Adjustable Rate Mortgages have been around for a while, but According to financial organizations over 94% of home purchasers choose to get a fixed rate home mortgage. This is great since mortgage rates are at the lowest in home buying history. But, did you know that a few of them will pay more interest than they would normally, based on the time that they will own the home.
You must consider this if you only plan on staying in the home for a few years, that an adjustable rate mortgage may save you money.
The interest rate on an adjustable mortgage is usually lower than a fixed in the first few years. If you look at amortization charts, then you may notice that the adjustable rate may actually amortize faster.
In the example shown below, a $200,000 mortgage for 30 years is compared using a 4.25% fixed-rate to a 3.25% 5/1 FHA adjustable rate. The first five years of the ARM generates a $113.47 a month savings which accumulates to $6,808.20. In addition, due to faster amortization on lower interest rate loans, the unpaid balance at the end of five years will be $3,001 lower on the ARM for a total savings of $9,801.
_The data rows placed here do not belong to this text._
lemma countable_compact_pi_base:
  fixes X :: "'a::metric_space set"
  assumes X: "compact X" "X \<noteq> {}"
  obtains W :: "nat \<Rightarrow> 'a set" where "\<And>k. compact (W k)" "\<And>k. W k \<subseteq> X"
    "\<And>k. \<exists>V. openin (top_of_set X) V \<and> V \<noteq> {} \<and> V \<subseteq> W k"
    "\<And>U. openin (top_of_set X) U \<Longrightarrow> U \<noteq> {} \<Longrightarrow> \<exists>k. W k \<subseteq> U"
proof -
  obtain F :: "nat \<Rightarrow> 'a set" where F: "\<And>m. finite (F m)" "\<And>m. F m \<subseteq> X"
    "\<And>m. X \<subseteq> (\<Union>c\<in>F m. ball c (inverse (real (Suc m))))"
    by (fact compact_finite_nets[OF X(1)])
  define D where "D = (SIGMA m:UNIV. F m)"
  have "D \<noteq> {}" unfolding D_def using F(3)[of 0] X(2) by auto
  moreover have "countable D" unfolding D_def using F(1) by (intro countable_SIGMA) (auto intro: countable_finite)
  ultimately have D: "range (from_nat_into D) = D" by (rule range_from_nat_into)
  define W where "W k = X \<inter> cball (snd (from_nat_into D k)) (inverse (real (Suc (fst (from_nat_into D k)))))" for k
  show ?thesis
  proof
    show "compact (W k)" "W k \<subseteq> X" for k
      unfolding W_def using X(1) by (auto intro: compact_Int_closed)
    show "\<exists>V. openin (top_of_set X) V \<and> V \<noteq> {} \<and> V \<subseteq> W k" for k
    proof -
      obtain m c where mc: "from_nat_into D k = (m, c)" "c \<in> F m"
        using D unfolding D_def by (metis SigmaE rangeI)
      then have "c \<in> X" using F(2) by blast
      then show ?thesis unfolding W_def mc(1)
        by (intro exI[of _ "X \<inter> ball c (inverse (real (Suc m)))"]) (auto simp: openin_open_Int)
    qed
    show "\<exists>k. W k \<subseteq> U" if U: "openin (top_of_set X) U" "U \<noteq> {}" for U
    proof -
      obtain x where x: "x \<in> U" using U(2) by blast
      then obtain e where e: "e > 0" "X \<inter> ball x e \<subseteq> U"
        using U(1) unfolding openin_contains_ball by (metis Int_commute)
      have "e / 2 > 0" using e(1) by simp
      then obtain m where m: "inverse (real (Suc m)) < e / 2" using reals_Archimedean by blast
      obtain c where c: "c \<in> F m" "dist c x < inverse (real (Suc m))"
        using F(3) x U(1) openin_imp_subset by fastforce
      have "(m, c) \<in> range (from_nat_into D)" using D c(1) unfolding D_def by simp
      then obtain k where k: "from_nat_into D k = (m, c)" by (metis rangeE)
      have "cball c (inverse (real (Suc m))) \<subseteq> ball x e"
      proof
        fix z assume "z \<in> cball c (inverse (real (Suc m)))"
        then have "dist c z \<le> inverse (real (Suc m))" by simp
        then have "dist x z < e" using c(2) m dist_triangle[of x z c] by (simp add: dist_commute)
        then show "z \<in> ball x e" by simp
      qed
      then have "W k \<subseteq> U" using e(2) unfolding W_def k by auto
      then show ?thesis by blast
    qed
  qed
qed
Assuming the adjustable-rate mortgage was to escalate the maximum allowed at each period, the breakeven would occur in 8 years and 6 months. If a person were to sell the home prior to this point, the ARM would provide a lower cost of housing for the homeowner.
For some people, the uncertainty of how the interest rate may change is not acceptable. On the other hand, for the risk tolerant individual who may be more confident in financial matters or who may know when they’ll be moving next, the ARM can be a smart choice.